Once enclosed, these miniscule samples (typically 200 -300 microns in diameter), known as melt inclusions, are so well sealed that they can survive the rigours of volcanic eruption without losing any of their volatile gas content and can be found in surface lavas. However, sampling and analysing the chemical contents of the inclusions requires highly sophisticated ion microprobe technology. Even so, most samples analysed in previous melt inclusion studies appear to have lost carbon by degassing prior to entrapment. Recovering measures of upper mantle carbon has proven to be very difficult.

But John Maclennan and his colleagues have successfully done so. The team sampled volcanic tephra erupted by the Icelandic volcano Borgarhraun around 8000 years ago. Within the Borgarhraun tephra there are mineral crystals, such as olivine and clinopyroxene, which contain melt inclusions. Furthermore, the composition of the chromium-rich clinopyroxene indicates that the melt began to crystallise at a depth of some 25km, which is close to the base of the crust under Borgarhraun.
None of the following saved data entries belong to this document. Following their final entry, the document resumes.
section \<open>Energy estimate for classical solutions\<close>

text \<open>\<open>\<rho>_x t x\<close> and \<open>u_x t x\<close> are spatial Frechet derivatives; the two equations are those of
  \<open>admissible\<close> with the product rule carried out.\<close>
locale classical_solution =
  fixes \<Psi> :: "'a::euclidean_space \<Rightarrow> 'a \<Rightarrow> real" and a T :: real
    and \<rho> :: "real \<Rightarrow> 'a \<Rightarrow> real" and u f :: "real \<Rightarrow> 'a \<Rightarrow> 'a"
    and \<rho>_t :: "real \<Rightarrow> 'a \<Rightarrow> real" and \<rho>_x :: "real \<Rightarrow> 'a \<Rightarrow> 'a \<Rightarrow> real"
    and u_t :: "real \<Rightarrow> 'a \<Rightarrow> 'a" and u_x :: "real \<Rightarrow> 'a \<Rightarrow> 'a \<Rightarrow> 'a"
    and lo hi :: 'a
  assumes a_less_T: "a < T"
    and \<rho>_time_derivative:
      "\<And>t x. t \<in> {a..T} \<Longrightarrow> ((\<lambda>s. \<rho> s x) has_vector_derivative \<rho>_t t x) (at t within {a..T})"
    and \<rho>_space_derivative: "\<And>t x. t \<in> {a..T} \<Longrightarrow> (\<rho> t has_derivative \<rho>_x t x) (at x)"
    and u_time_derivative:
      "\<And>t x. t \<in> {a..T} \<Longrightarrow> ((\<lambda>s. u s x) has_vector_derivative u_t t x) (at t within {a..T})"
    and u_space_derivative: "\<And>t x. t \<in> {a..T} \<Longrightarrow> (u t has_derivative u_x t x) (at x)"
    and continuous_\<rho>: "continuous_on ({a..T} \<times> UNIV) (\<lambda>(t,x). \<rho> t x)"
    and continuous_u: "continuous_on ({a..T} \<times> UNIV) (\<lambda>(t,x). u t x)"
    and continuous_\<rho>_t: "continuous_on ({a..T} \<times> UNIV) (\<lambda>(t,x). \<rho>_t t x)"
    and continuous_u_t: "continuous_on ({a..T} \<times> UNIV) (\<lambda>(t,x). u_t t x)"
    and continuous_\<rho>_x: "\<And>e. continuous_on ({a..T} \<times> UNIV) (\<lambda>(t,x). \<rho>_x t x e)"
    and continuous_u_x: "\<And>e. continuous_on ({a..T} \<times> UNIV) (\<lambda>(t,x). u_x t x e)"
    and continuous_f: "continuous_on ({a..T} \<times> UNIV) (\<lambda>(t,x). f t x)"
    and \<rho>_nonneg: "\<And>t x. t \<in> {a..T} \<Longrightarrow> 0 \<le> \<rho> t x"
    and \<rho>_support: "\<And>t x. t \<in> {a..T} \<Longrightarrow> x \<notin> cbox lo hi \<Longrightarrow> \<rho> t x = 0"
    and continuity_equation: "\<And>t x. t \<in> {a..T} \<Longrightarrow>
      \<rho>_t t x + (\<Sum>i\<in>Basis. \<rho>_x t x i * (u t x \<bullet> i) + \<rho> t x * (u_x t x i \<bullet> i)) = 0"
    and momentum_equation: "\<And>t x. t \<in> {a..T} \<Longrightarrow>
      (\<rho>_t t x *\<^sub>R u t x + \<rho> t x *\<^sub>R u_t t x)
      + (\<Sum>i\<in>Basis. (\<rho>_x t x i * (u t x \<bullet> i) + \<rho> t x * (u_x t x i \<bullet> i)) *\<^sub>R u t x
                     + (\<rho> t x * (u t x \<bullet> i)) *\<^sub>R u_x t x i)
      = Q1 \<Psi> \<rho> u t x + \<rho> t x *\<^sub>R f t x"
begin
Iceland straddles the North Atlantic mid-oceanic ridge and detailed studies of Borgarhraun show that the erupted magma provides a record of mantle composition under this segment of the mid-oceanic spreading ridge. The new analyses show large variations in CO2 and certain incompatible trace elements (ITEs) such as Nb, Th, Rb and Ba. Average co2/ITE ratios from 161 melt inclusions have been precisely determined and compared with five other populations of undegassed samples sealed within melt inclusions from other mid-ocean ridge basalts.

Whilst upper mantle CO2/Ba and CO2/Rb are nearly homogenous, CO2/Nb and CO2/Th are broadly correlated with long-term indices of mantle heterogeneity and these are reflected in Nd isotopes from five of the six upper mantle regions which have been examined so far. However, there is a need for more samples and the team are actively seeking for them.

The new results suggest to the authors that heterogeneous carbon contents of the upper mantle are long-lived features. They speculate that average carbon abundances of the mantle sources of Atlantic mid-ocean ridge basalts might be higher by a factor of two than those of Pacific mid-ocean ridge basalts. Furthermore, this heterogeneity may indicate that the Atlantic Ocean basin has been polluted by small amounts of mantle wedge material during subduction episodes that impacted the convergent margins surrounding the ancient Iapetus Ocean. In contrast, there is evidence that the Pacific Ocean basin is nearly four times older and has a more extended history of upper mantle convection, which has flushed out continent-derived components.

Douglas Palmer, Sedgwick Museum


CO2 content beneath northern Iceland and the variability of mantle carbon, Hauri, Erik H. and Maclennan, J. and McKenzie, D. and Gronvold, K. and Oskarsson, N. and Shimizu, N. (2018) is published in Geology.